What the task requires: Word for word, reproduce every line of the data.

Entries taken from a collection
--------------------------------------------------

lemma exists_time_dirichlet_le:
  assumes "A \<ge> 1"
  shows "\<exists>a\<in>{A..<2 * A}. dirichlet a \<le> 4 * card S * energy A / A"
proof -
  obtain a where a: "a \<in> {A..<A + A}" "dirichlet a \<le> (\<Sum>a\<in>{A..<A + A}. dirichlet a) / A"
    using exists_le_average[of "{A..<A + A}" dirichlet] assms by auto
  have "(\<Sum>a\<in>{A..<A + A}. dirichlet a) \<le> 4 * card S * (energy A - energy (A + A))"
    by (rule sum_dirichlet_le)
  also have "\<dots> \<le> 4 * card S * energy A"
    using energy_nonneg[of "A + A"] by (intro mult_left_mono) auto
  finally have "(\<Sum>a\<in>{A..<A + A}. dirichlet a) / A \<le> 4 * card S * energy A / A"
    by (rule divide_right_mono) simp
  then show ?thesis
    using a by (intro bexI[of _ a]) auto
qed

text \<open>At a time where the Dirichlet form is at most its average over \<open>[A, 2A)\<close>, the distribution is flat.\<close>

lemma exists_time_pmf_le:
  assumes "A \<ge> 1"
  shows "\<exists>a. A \<le> a \<and> a < 2 * A \<and> (\<forall>x. p a x \<le> 4 * sqrt (real (card S) / A))"
proof -
  define c where "c = real (card S)"
  have A_pos: "real A > 0" and c_pos: "c > 0"
    using assms card_S_ge_1 by (auto simp: c_def)
  obtain a where a: "a \<in> {A..<2 * A}" "dirichlet a \<le> 4 * c * energy A / A"
    using exists_time_dirichlet_le[OF assms] by (auto simp: c_def)
  have energy_a: "energy a \<le> energy A"
    using a(1) by (intro decseqD[OF decseq_energy]) auto
  have "p a x \<le> 4 * sqrt (c / A)" for x
  proof -
    have "p a x ^ 4 \<le> 4 * dirichlet a * energy a"
      by (rule pmf_pow4_le)
    also have "\<dots> \<le> 4 * (4 * c * energy A / A) * energy A"
      using a(2) energy_a dirichlet_nonneg[of a] energy_nonneg[of a]
      by (intro mult_mono) auto
    also have "\<dots> = 16 * c / A * energy A ^ 2"
      by (simp add: power2_eq_square)
    also have "\<dots> \<le> 16 * c / A * (8 * c / A)"
      using energy_sq_le[OF assms] A_pos c_pos by (intro mult_left_mono) (auto simp: c_def)
    also have "\<dots> = 128 * (c / A) ^ 2"
      by (simp add: power2_eq_square)
    also have "\<dots> \<le> 256 * (c / A) ^ 2"
      by simp
    also have "\<dots> = (4 * sqrt (c / A)) ^ 4"
    proof -
      have "sqrt (c / A) ^ 4 = (sqrt (c / A) ^ 2) ^ 2"
        by (simp flip: power_mult)
      then show ?thesis
        using A_pos c_pos by (simp add: power_mult_distrib power2_eq_square)
    qed
    finally show ?thesis
      using power_le_imp_le_base[of "p a x" 3 "4 * sqrt (c / A)"] A_pos c_pos by simp
  qed
  then show ?thesis
    using a(1) by (auto simp: c_def)
qed

lemma exists_time_pmf_le_multiple:
  assumes "4 * M \<le> int m"
  shows "\<exists>a. 2 * int a * M < int m \<and> (\<forall>x. p a x \<le> 12 * sqrt (real (card S) * M) / sqrt m)"
proof -
  define c where "c = real (card S)"
  have c_ge_1: "c \<ge> 1"
    using card_S_ge_1 by (simp add: c_def)
  text \<open>Choose \<open>A \<approx> m / 4M\<close>, so that the support of \<open>X\<^sub>a\<close> is shorter than \<open>m\<close> for \<open>a < 2A\<close>.\<close>
  obtain A where A_ge_1: "A \<ge> 1" and A: "4 * M * int A \<le> int m" "int m \<le> 8 * M * int A"
    using exists_nat_multiples_bracket[OF M_ge_1 assms] by blast
  have m_le: "real m \<le> 8 * M * A"
    using A(2) by (metis of_int_le_iff of_int_mult of_int_numeral of_int_of_nat_eq)
  obtain a where a: "A \<le> a" "a < 2 * A" "\<And>x. p a x \<le> 4 * sqrt (c / A)"
    using exists_time_pmf_le[OF A_ge_1] unfolding c_def by blast
  have "16 * c * m \<le> 16 * c * (8 * M * A)"
    using m_le c_ge_1 by (intro mult_left_mono) auto
  also have "\<dots> \<le> 144 * (c * M) * A"
    using c_ge_1 M_ge_1 by simp
  finally have "16 * c * m \<le> 144 * (c * M) * A" .
  moreover have "real m > 0"
    using assms M_ge_1 by simp
  ultimately have "16 * (c / A) \<le> 144 * (c * M / m)"
    using A_ge_1 by (simp add: field_simps)
  then have "sqrt (16 * (c / A)) \<le> sqrt (144 * (c * M / m))"
    by simp
  then have "4 * sqrt (c / A) \<le> 12 * sqrt (c * M) / sqrt m"
    using real_sqrt_mult[of 16 "c / A"] by (simp add: real_sqrt_mult real_sqrt_divide)
  moreover have "2 * int a * M \<le> 2 * (2 * int A - 1) * M"
    using a(2) M_ge_1 by (intro mult_right_mono) auto
  then have "2 * int a * M < int m"
    using A(1) M_ge_1 by (simp add: algebra_simps)
  ultimately show ?thesis
    using a(3) unfolding c_def by (meson order_trans)
qed

lemma prob_nonzero_multiple_le:
  assumes "m \<ge> 1"
  shows "measure_pmf.prob (lazy_walk S n) {x. int m dvd x \<and> x \<noteq> 0}
           \<le> 12 * sqrt (real (card S) * real_of_int M) / sqrt (real m)"
proof (cases "int m < 4 * M")
  case True
  have "sqrt m \<le> sqrt (4 * M)"
    using True by simp
  also have "\<dots> \<le> sqrt (144 * (real (card S) * M))"
    using card_S_ge_1 M_ge_1 by (intro real_sqrt_le_mono) (simp add: mult_left_mono)
  finally have "1 \<le> 12 * sqrt (real (card S) * M) / sqrt m"
    using assms by (simp add: real_sqrt_mult)
  then show ?thesis
    using measure_pmf.prob_le_1[of "lazy_walk S n"] by (meson order_trans)
next
  case False
  then obtain a where "2 * int a * M < int m" "\<And>x. p a x \<le> 12 * sqrt (real (card S) * M) / sqrt m"
    using exists_time_pmf_le_multiple by force
  moreover have "0 \<le> 12 * sqrt (real (card S) * M) / sqrt m"
    using card_S_ge_1 M_ge_1 by simp
  ultimately show ?thesis
    by (rule prob_nonzero_multiple_le_pmf_bound)
qed

end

--------------------------------------------------

Exercise output:
lemma exists_time_dirichlet_le:
  assumes "A \<ge> 1"
  shows "\<exists>a\<in>{A..<2 * A}. dirichlet a \<le> 4 * card S * energy A / A"
proof -
  obtain a where a: "a \<in> {A..<A + A}" "dirichlet a \<le> (\<Sum>a\<in>{A..<A + A}. dirichlet a) / A"
    using exists_le_average[of "{A..<A + A}" dirichlet] assms by auto
  have "(\<Sum>a\<in>{A..<A + A}. dirichlet a) \<le> 4 * card S * (energy A - energy (A + A))"
    by (rule sum_dirichlet_le)
  also have "\<dots> \<le> 4 * card S * energy A"
    using energy_nonneg[of "A + A"] by (intro mult_left_mono) auto
  finally have "(\<Sum>a\<in>{A..<A + A}. dirichlet a) / A \<le> 4 * card S * energy A / A"
    by (rule divide_right_mono) simp
  then show ?thesis
    using a by (intro bexI[of _ a]) auto
qed

text \<open>At a time where the Dirichlet form is at most its average over \<open>[A, 2A)\<close>, the distribution is flat.\<close>

lemma exists_time_pmf_le:
  assumes "A \<ge> 1"
  shows "\<exists>a. A \<le> a \<and> a < 2 * A \<and> (\<forall>x. p a x \<le> 4 * sqrt (real (card S) / A))"
proof -
  define c where "c = real (card S)"
  have A_pos: "real A > 0" and c_pos: "c > 0"
    using assms card_S_ge_1 by (auto simp: c_def)
  obtain a where a: "a \<in> {A..<2 * A}" "dirichlet a \<le> 4 * c * energy A / A"
    using exists_time_dirichlet_le[OF assms] by (auto simp: c_def)
  have energy_a: "energy a \<le> energy A"
    using a(1) by (intro decseqD[OF decseq_energy]) auto
  have "p a x \<le> 4 * sqrt (c / A)" for x
  proof -
    have "p a x ^ 4 \<le> 4 * dirichlet a * energy a"
      by (rule pmf_pow4_le)
    also have "\<dots> \<le> 4 * (4 * c * energy A / A) * energy A"
      using a(2) energy_a dirichlet_nonneg[of a] energy_nonneg[of a]
      by (intro mult_mono) auto
    also have "\<dots> = 16 * c / A * energy A ^ 2"
      by (simp add: power2_eq_square)
    also have "\<dots> \<le> 16 * c / A * (8 * c / A)"
      using energy_sq_le[OF assms] A_pos c_pos by (intro mult_left_mono) (auto simp: c_def)
    also have "\<dots> = 128 * (c / A) ^ 2"
      by (simp add: power2_eq_square)
    also have "\<dots> \<le> 256 * (c / A) ^ 2"
      by simp
    also have "\<dots> = (4 * sqrt (c / A)) ^ 4"
    proof -
      have "sqrt (c / A) ^ 4 = (sqrt (c / A) ^ 2) ^ 2"
        by (simp flip: power_mult)
      then show ?thesis
        using A_pos c_pos by (simp add: power_mult_distrib power2_eq_square)
    qed
    finally show ?thesis
      using power_le_imp_le_base[of "p a x" 3 "4 * sqrt (c / A)"] A_pos c_pos by simp
  qed
  then show ?thesis
    using a(1) by (auto simp: c_def)
qed

lemma exists_time_pmf_le_multiple:
  assumes "4 * M \<le> int m"
  shows "\<exists>a. 2 * int a * M < int m \<and> (\<forall>x. p a x \<le> 12 * sqrt (real (card S) * M) / sqrt m)"
proof -
  define c where "c = real (card S)"
  have c_ge_1: "c \<ge> 1"
    using card_S_ge_1 by (simp add: c_def)
  text \<open>Choose \<open>A \<approx> m / 4M\<close>, so that the support of \<open>X\<^sub>a\<close> is shorter than \<open>m\<close> for \<open>a < 2A\<close>.\<close>
  obtain A where A_ge_1: "A \<ge> 1" and A: "4 * M * int A \<le> int m" "int m \<le> 8 * M * int A"
    using exists_nat_multiples_bracket[OF M_ge_1 assms] by blast
  have m_le: "real m \<le> 8 * M * A"
    using A(2) by (metis of_int_le_iff of_int_mult of_int_numeral of_int_of_nat_eq)
  obtain a where a: "A \<le> a" "a < 2 * A" "\<And>x. p a x \<le> 4 * sqrt (c / A)"
    using exists_time_pmf_le[OF A_ge_1] unfolding c_def by blast
  have "16 * c * m \<le> 16 * c * (8 * M * A)"
    using m_le c_ge_1 by (intro mult_left_mono) auto
  also have "\<dots> \<le> 144 * (c * M) * A"
    using c_ge_1 M_ge_1 by simp
  finally have "16 * c * m \<le> 144 * (c * M) * A" .
  moreover have "real m > 0"
    using assms M_ge_1 by simp
  ultimately have "16 * (c / A) \<le> 144 * (c * M / m)"
    using A_ge_1 by (simp add: field_simps)
  then have "sqrt (16 * (c / A)) \<le> sqrt (144 * (c * M / m))"
    by simp
  then have "4 * sqrt (c / A) \<le> 12 * sqrt (c * M) / sqrt m"
    using real_sqrt_mult[of 16 "c / A"] by (simp add: real_sqrt_mult real_sqrt_divide)
  moreover have "2 * int a * M \<le> 2 * (2 * int A - 1) * M"
    using a(2) M_ge_1 by (intro mult_right_mono) auto
  then have "2 * int a * M < int m"
    using A(1) M_ge_1 by (simp add: algebra_simps)
  ultimately show ?thesis
    using a(3) unfolding c_def by (meson order_trans)
qed

lemma prob_nonzero_multiple_le:
  assumes "m \<ge> 1"
  shows "measure_pmf.prob (lazy_walk S n) {x. int m dvd x \<and> x \<noteq> 0}
           \<le> 12 * sqrt (real (card S) * real_of_int M) / sqrt (real m)"
proof (cases "int m < 4 * M")
  case True
  have "sqrt m \<le> sqrt (4 * M)"
    using True by simp
  also have "\<dots> \<le> sqrt (144 * (real (card S) * M))"
    using card_S_ge_1 M_ge_1 by (intro real_sqrt_le_mono) (simp add: mult_left_mono)
  finally have "1 \<le> 12 * sqrt (real (card S) * M) / sqrt m"
    using assms by (simp add: real_sqrt_mult)
  then show ?thesis
    using measure_pmf.prob_le_1[of "lazy_walk S n"] by (meson order_trans)
next
  case False
  then obtain a where "2 * int a * M < int m" "\<And>x. p a x \<le> 12 * sqrt (real (card S) * M) / sqrt m"
    using exists_time_pmf_le_multiple by force
  moreover have "0 \<le> 12 * sqrt (real (card S) * M) / sqrt m"
    using card_S_ge_1 M_ge_1 by simp
  ultimately show ?thesis
    by (rule prob_nonzero_multiple_le_pmf_bound)
qed

end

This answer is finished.